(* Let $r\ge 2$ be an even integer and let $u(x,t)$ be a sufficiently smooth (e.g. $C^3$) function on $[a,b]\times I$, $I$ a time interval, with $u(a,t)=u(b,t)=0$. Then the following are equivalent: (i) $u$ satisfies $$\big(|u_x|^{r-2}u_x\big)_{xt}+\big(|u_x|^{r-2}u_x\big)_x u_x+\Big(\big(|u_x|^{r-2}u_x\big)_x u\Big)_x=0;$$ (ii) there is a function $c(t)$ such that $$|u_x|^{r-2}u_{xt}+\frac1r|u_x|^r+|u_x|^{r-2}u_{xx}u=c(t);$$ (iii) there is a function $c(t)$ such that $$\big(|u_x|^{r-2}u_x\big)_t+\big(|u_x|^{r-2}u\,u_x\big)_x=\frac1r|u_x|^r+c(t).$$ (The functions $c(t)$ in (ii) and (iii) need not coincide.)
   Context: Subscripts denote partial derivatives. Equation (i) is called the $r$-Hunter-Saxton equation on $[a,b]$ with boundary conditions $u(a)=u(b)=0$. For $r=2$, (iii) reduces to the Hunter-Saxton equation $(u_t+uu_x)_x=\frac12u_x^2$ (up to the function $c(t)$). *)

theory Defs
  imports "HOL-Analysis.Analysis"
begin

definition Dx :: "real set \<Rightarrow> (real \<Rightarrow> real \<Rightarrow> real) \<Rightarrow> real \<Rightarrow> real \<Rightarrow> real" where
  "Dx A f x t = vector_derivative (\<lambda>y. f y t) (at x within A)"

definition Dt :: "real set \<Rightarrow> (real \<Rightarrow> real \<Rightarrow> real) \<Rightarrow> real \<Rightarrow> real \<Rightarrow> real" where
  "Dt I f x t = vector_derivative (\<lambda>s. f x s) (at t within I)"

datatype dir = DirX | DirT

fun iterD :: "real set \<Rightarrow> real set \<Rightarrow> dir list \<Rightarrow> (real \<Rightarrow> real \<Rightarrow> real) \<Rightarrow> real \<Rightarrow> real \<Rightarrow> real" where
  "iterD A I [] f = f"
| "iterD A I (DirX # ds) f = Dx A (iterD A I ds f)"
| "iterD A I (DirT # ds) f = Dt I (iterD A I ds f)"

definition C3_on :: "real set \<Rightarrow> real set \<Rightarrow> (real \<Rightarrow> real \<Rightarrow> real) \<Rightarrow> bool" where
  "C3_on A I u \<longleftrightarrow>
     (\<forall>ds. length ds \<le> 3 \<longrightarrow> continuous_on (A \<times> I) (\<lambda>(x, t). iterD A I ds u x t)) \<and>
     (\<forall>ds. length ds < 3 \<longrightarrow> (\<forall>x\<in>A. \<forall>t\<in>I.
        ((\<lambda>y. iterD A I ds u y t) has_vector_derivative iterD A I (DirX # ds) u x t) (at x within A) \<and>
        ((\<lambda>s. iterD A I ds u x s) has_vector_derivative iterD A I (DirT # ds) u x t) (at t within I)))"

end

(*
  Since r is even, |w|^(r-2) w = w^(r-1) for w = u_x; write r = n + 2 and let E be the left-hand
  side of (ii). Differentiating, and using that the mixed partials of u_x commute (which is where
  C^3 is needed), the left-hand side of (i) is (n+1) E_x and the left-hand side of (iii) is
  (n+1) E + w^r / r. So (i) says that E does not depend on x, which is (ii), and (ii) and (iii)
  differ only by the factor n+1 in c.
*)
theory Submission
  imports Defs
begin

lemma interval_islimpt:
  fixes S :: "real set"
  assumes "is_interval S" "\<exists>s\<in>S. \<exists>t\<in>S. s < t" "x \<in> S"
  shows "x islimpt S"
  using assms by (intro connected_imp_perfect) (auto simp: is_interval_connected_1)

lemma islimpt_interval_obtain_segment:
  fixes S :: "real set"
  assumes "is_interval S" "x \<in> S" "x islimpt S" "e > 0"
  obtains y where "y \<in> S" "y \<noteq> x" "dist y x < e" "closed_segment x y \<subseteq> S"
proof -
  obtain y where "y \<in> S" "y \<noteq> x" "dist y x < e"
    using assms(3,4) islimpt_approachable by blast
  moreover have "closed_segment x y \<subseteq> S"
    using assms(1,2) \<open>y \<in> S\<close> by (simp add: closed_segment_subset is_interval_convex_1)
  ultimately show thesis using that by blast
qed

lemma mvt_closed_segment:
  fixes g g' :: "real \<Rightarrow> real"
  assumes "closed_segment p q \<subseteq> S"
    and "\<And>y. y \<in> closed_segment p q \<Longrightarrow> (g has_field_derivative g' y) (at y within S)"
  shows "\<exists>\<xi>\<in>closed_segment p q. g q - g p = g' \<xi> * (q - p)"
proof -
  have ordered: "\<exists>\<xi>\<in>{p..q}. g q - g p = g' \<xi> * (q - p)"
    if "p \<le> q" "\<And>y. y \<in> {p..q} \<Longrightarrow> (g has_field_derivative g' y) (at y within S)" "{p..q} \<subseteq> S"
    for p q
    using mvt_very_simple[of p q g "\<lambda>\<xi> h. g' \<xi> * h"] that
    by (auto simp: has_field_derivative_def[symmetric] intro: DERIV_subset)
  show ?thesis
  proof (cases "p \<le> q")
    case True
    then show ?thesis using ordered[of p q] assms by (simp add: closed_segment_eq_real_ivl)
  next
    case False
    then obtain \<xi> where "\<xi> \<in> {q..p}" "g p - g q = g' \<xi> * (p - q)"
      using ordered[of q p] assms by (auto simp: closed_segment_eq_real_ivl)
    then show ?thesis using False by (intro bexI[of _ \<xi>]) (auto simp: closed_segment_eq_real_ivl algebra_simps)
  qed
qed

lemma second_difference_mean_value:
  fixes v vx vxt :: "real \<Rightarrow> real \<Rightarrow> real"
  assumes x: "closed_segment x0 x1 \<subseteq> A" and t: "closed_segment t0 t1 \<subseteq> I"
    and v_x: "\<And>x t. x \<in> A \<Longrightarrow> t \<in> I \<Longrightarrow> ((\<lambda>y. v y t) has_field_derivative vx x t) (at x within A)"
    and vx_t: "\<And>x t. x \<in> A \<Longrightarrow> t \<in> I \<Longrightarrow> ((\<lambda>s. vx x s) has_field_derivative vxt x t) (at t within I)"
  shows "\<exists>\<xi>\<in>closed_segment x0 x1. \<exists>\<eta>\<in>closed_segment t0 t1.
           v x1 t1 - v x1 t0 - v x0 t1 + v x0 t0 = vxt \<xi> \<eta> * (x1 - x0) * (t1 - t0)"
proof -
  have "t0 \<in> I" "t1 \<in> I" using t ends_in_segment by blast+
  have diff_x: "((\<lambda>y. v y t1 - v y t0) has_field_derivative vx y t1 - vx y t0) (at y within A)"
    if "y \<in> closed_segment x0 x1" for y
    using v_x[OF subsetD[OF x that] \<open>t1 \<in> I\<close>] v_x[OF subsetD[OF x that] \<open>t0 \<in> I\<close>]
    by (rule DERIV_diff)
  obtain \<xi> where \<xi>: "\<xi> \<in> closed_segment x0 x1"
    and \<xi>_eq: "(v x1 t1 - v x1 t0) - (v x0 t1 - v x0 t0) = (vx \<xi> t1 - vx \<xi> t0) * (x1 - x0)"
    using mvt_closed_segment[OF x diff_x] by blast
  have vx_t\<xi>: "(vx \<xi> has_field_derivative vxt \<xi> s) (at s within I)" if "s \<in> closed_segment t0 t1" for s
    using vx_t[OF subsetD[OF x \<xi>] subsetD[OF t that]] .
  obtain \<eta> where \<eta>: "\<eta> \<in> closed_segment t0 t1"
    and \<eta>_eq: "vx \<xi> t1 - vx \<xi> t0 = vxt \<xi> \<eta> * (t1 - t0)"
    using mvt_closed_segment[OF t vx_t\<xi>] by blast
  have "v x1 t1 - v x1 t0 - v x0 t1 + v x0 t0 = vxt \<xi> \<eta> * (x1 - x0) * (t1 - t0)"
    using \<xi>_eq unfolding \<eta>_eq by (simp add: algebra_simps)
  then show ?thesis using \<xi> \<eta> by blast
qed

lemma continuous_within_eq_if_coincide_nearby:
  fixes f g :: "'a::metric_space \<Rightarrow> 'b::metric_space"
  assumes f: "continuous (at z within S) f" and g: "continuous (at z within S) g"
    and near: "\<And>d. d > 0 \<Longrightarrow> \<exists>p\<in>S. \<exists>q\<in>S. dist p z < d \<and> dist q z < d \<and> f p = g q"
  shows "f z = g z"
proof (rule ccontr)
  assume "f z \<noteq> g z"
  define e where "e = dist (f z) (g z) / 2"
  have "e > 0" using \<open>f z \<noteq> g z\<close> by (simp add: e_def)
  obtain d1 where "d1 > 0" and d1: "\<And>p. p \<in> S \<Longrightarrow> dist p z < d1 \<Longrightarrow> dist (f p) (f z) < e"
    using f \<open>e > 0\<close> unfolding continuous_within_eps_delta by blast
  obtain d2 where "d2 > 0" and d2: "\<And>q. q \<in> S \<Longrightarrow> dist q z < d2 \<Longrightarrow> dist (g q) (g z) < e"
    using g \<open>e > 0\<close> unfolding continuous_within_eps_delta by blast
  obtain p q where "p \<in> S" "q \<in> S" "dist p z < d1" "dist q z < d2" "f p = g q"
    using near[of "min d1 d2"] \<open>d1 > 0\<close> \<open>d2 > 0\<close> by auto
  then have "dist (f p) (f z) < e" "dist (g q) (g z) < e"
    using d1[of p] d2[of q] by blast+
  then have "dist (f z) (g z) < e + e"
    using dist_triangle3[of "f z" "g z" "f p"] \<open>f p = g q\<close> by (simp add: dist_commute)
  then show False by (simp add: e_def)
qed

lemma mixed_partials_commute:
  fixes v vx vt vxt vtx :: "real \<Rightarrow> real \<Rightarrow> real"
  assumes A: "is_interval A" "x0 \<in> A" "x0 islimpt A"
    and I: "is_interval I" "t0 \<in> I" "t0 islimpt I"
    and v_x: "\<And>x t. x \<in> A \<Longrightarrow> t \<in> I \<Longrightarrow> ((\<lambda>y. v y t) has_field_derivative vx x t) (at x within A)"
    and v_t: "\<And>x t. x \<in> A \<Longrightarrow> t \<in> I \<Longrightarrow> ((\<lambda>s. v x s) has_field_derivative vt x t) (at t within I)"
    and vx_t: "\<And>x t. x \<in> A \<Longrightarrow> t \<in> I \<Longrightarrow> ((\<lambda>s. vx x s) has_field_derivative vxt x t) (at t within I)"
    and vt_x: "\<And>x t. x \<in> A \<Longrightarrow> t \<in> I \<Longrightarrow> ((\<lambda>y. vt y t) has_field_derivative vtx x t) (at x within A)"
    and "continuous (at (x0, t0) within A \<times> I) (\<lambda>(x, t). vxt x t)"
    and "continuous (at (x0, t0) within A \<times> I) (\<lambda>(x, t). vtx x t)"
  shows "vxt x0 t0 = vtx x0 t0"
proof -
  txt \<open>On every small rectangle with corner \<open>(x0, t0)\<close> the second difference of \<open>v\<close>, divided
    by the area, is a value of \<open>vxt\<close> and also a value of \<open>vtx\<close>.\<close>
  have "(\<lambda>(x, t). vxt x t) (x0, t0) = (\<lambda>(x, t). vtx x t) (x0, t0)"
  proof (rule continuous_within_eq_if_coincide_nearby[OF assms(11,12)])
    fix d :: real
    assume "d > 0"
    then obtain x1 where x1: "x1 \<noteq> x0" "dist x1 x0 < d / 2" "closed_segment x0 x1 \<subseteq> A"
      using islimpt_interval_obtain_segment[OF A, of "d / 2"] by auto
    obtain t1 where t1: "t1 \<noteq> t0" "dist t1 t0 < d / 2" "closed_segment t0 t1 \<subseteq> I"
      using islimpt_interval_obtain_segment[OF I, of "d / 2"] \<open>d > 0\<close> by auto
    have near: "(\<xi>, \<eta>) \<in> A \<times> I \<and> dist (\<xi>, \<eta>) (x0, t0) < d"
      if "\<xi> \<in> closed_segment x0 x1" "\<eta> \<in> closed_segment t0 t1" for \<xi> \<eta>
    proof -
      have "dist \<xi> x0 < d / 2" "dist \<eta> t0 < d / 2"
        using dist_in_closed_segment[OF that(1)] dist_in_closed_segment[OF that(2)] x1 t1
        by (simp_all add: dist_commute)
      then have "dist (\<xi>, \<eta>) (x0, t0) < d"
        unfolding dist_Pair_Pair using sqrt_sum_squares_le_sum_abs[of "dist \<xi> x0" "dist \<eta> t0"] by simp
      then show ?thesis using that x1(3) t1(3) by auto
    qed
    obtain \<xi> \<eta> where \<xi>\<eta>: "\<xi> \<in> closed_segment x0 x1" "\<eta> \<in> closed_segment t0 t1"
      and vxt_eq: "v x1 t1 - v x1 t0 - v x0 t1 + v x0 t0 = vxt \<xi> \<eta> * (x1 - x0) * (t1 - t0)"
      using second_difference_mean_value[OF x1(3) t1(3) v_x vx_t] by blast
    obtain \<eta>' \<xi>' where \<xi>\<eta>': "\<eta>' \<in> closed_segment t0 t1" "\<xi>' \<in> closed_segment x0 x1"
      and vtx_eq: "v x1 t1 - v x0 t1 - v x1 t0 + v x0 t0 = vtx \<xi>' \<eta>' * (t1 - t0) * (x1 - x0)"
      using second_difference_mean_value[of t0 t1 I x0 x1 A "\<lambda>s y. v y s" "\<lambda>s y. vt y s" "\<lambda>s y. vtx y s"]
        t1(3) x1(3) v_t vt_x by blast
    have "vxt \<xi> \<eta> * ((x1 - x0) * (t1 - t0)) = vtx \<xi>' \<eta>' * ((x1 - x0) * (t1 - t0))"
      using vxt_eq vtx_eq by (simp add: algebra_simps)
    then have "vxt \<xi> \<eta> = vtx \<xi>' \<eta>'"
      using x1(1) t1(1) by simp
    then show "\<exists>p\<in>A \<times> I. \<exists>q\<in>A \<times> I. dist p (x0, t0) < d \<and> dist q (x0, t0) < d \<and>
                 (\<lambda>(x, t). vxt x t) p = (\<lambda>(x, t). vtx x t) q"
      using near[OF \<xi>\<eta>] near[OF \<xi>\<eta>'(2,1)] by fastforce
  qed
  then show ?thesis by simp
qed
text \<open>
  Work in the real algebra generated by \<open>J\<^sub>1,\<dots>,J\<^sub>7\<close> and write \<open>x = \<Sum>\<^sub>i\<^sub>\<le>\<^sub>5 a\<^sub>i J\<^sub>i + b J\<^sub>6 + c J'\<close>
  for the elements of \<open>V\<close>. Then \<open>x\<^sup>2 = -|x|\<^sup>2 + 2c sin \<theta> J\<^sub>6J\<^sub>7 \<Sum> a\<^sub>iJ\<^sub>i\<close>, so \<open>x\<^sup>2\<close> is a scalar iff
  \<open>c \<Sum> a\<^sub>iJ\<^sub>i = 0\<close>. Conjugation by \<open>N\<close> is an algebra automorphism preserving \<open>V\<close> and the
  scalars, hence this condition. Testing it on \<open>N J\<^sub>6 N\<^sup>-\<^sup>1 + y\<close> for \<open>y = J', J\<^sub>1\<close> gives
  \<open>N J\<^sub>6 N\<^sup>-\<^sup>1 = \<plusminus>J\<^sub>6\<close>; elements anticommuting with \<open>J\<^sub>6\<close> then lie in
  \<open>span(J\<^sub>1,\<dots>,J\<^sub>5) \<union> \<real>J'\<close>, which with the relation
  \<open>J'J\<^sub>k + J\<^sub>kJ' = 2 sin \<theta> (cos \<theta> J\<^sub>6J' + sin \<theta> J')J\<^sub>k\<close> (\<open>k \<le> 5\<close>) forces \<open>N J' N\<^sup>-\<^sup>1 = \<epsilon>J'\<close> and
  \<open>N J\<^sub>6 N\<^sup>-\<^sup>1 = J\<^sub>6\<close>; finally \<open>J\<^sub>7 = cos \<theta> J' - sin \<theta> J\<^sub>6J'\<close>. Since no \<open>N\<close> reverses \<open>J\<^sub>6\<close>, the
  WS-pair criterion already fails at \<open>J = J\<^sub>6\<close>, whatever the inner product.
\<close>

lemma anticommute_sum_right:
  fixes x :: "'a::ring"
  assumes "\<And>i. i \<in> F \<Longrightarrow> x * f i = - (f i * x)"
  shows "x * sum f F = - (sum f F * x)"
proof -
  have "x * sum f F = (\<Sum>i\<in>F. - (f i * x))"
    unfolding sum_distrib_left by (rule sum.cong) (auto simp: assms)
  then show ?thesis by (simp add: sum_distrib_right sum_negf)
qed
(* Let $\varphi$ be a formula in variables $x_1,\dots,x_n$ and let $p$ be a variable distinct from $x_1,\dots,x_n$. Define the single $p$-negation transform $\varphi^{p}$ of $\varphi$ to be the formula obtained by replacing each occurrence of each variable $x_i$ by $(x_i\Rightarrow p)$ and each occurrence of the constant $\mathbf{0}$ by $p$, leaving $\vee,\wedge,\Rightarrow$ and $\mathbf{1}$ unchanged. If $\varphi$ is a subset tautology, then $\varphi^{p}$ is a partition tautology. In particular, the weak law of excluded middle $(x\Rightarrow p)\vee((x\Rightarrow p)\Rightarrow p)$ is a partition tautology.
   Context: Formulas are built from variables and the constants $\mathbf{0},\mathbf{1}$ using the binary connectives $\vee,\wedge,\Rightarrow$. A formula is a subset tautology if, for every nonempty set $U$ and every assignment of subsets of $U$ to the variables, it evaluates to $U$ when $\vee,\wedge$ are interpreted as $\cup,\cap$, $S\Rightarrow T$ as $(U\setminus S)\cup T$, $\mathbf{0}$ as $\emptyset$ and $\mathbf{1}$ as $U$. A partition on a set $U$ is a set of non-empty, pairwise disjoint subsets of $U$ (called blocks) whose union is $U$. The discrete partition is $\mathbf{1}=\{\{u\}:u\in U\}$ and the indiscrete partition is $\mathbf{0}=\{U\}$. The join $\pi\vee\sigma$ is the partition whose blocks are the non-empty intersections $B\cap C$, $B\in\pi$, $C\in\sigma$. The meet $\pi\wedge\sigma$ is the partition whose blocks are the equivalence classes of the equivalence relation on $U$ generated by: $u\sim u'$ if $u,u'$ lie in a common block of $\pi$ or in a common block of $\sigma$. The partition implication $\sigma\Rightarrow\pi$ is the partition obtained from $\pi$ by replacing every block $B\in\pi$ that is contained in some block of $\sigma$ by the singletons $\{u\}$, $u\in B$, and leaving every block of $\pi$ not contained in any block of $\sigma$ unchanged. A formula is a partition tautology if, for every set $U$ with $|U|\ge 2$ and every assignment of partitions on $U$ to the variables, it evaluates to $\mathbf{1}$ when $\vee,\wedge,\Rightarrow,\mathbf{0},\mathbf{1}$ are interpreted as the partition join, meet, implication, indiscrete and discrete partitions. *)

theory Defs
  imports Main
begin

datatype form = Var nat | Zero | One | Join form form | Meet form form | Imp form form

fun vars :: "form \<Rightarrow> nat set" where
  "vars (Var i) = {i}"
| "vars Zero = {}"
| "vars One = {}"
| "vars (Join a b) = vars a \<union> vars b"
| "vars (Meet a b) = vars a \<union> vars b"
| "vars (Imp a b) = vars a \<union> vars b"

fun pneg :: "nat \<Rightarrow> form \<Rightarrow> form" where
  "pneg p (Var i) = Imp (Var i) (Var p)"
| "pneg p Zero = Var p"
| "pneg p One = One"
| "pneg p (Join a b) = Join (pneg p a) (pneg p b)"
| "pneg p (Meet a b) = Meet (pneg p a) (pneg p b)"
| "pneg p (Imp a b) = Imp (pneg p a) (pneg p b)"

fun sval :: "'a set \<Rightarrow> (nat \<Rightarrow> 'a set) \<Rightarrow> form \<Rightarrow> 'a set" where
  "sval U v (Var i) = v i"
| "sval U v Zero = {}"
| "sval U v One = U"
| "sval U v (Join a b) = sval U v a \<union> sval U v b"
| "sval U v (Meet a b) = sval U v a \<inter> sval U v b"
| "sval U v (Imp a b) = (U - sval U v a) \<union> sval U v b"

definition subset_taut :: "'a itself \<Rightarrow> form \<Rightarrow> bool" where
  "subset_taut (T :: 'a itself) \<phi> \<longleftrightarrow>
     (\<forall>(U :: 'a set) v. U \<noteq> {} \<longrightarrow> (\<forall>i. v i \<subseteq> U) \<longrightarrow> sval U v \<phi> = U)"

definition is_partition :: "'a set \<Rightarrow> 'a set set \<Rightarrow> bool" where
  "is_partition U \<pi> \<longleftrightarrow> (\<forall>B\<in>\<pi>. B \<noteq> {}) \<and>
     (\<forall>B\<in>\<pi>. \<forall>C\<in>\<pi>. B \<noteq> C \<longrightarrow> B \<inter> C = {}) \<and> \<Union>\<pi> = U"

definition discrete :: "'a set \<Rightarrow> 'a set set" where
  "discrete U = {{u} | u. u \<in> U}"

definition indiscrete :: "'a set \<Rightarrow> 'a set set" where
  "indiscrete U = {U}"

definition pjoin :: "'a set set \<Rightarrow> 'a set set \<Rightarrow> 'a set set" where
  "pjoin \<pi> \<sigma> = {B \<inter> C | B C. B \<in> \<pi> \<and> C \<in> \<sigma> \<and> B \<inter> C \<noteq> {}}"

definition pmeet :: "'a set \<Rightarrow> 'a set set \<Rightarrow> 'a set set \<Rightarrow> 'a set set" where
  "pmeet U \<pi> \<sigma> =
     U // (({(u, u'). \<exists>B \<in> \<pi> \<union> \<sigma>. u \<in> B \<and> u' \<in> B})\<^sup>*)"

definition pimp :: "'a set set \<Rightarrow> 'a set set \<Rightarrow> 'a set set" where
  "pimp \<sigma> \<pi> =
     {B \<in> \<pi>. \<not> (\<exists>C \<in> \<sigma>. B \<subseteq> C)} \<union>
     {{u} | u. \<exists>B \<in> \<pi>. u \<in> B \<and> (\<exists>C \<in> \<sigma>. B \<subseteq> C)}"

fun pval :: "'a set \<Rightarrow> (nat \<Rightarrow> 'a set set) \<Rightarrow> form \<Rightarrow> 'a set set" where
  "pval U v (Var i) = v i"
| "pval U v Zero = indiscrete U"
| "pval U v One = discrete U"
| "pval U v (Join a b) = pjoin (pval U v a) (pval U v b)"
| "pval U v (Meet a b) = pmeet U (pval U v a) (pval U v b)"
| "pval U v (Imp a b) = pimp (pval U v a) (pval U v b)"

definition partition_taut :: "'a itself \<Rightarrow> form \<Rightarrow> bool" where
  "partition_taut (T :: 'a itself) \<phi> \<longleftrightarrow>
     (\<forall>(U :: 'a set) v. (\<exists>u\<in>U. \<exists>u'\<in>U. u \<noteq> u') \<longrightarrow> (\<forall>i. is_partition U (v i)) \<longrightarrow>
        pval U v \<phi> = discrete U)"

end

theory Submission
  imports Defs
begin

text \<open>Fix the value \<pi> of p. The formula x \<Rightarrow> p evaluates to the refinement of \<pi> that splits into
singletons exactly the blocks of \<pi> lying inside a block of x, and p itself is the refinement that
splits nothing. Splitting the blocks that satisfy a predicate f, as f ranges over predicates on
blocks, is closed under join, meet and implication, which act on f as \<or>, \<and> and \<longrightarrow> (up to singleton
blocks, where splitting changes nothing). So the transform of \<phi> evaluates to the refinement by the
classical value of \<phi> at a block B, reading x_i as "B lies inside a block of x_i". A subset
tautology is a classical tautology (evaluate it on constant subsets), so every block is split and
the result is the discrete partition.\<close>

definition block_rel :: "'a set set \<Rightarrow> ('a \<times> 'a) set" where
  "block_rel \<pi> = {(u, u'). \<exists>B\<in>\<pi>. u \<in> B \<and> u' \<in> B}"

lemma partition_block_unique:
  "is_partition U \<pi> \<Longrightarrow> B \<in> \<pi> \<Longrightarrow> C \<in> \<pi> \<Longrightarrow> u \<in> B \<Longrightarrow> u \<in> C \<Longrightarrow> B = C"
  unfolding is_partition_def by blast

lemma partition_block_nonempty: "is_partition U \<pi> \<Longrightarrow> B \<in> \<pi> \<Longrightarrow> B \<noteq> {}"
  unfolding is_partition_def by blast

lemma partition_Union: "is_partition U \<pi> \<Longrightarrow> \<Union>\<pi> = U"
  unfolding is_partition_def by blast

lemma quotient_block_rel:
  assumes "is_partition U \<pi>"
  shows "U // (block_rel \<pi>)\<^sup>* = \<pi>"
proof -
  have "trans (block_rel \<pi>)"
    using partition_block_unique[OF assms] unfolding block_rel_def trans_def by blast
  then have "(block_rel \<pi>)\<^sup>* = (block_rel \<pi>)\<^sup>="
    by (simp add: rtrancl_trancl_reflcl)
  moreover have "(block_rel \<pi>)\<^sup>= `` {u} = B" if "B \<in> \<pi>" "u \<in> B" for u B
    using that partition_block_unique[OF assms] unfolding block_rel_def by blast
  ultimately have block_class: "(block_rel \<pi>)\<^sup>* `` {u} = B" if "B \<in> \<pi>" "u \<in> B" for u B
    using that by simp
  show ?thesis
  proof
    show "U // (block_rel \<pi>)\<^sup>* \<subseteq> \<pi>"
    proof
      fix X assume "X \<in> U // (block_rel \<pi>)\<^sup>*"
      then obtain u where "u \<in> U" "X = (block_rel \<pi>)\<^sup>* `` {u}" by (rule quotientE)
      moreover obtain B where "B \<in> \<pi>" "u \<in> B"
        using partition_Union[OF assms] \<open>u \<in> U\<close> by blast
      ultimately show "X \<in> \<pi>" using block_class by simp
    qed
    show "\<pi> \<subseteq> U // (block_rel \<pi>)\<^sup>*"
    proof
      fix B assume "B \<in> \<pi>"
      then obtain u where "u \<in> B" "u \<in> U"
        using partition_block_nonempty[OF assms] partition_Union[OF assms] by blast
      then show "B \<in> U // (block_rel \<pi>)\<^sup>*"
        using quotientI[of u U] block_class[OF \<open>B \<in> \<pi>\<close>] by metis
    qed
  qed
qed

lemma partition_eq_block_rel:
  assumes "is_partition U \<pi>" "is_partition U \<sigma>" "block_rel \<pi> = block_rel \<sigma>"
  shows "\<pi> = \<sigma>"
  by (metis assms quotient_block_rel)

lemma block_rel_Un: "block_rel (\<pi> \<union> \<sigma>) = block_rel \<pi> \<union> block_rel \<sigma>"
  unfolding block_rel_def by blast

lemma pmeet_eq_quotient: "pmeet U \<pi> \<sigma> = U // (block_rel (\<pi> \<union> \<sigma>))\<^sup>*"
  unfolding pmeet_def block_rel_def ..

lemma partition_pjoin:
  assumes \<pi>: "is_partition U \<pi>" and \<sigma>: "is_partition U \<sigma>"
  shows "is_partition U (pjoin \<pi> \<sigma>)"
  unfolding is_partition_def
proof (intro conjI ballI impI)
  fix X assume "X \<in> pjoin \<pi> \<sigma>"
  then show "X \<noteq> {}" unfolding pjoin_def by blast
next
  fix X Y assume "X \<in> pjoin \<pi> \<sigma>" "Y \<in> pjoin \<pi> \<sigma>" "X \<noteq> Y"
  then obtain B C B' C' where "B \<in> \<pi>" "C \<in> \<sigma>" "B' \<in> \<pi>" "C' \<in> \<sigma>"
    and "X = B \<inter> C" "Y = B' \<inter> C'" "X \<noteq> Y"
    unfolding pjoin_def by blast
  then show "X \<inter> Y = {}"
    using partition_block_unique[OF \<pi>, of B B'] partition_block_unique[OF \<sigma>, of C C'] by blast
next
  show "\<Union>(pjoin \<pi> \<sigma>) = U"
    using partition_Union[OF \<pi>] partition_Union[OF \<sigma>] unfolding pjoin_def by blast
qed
______________________________
All that is needed is the exact run of lines above from the line containing "for the elements" through the line containing "preserving \<open>V\<close> and the", both of them included.

  for the elements of \<open>V\<close>. Then \<open>x\<^sup>2 = -|x|\<^sup>2 + 2c sin \<theta> J\<^sub>6J\<^sub>7 \<Sum> a\<^sub>iJ\<^sub>i\<close>, so \<open>x\<^sup>2\<close> is a scalar iff
  \<open>c \<Sum> a\<^sub>iJ\<^sub>i = 0\<close>. Conjugation by \<open>N\<close> is an algebra automorphism preserving \<open>V\<close> and the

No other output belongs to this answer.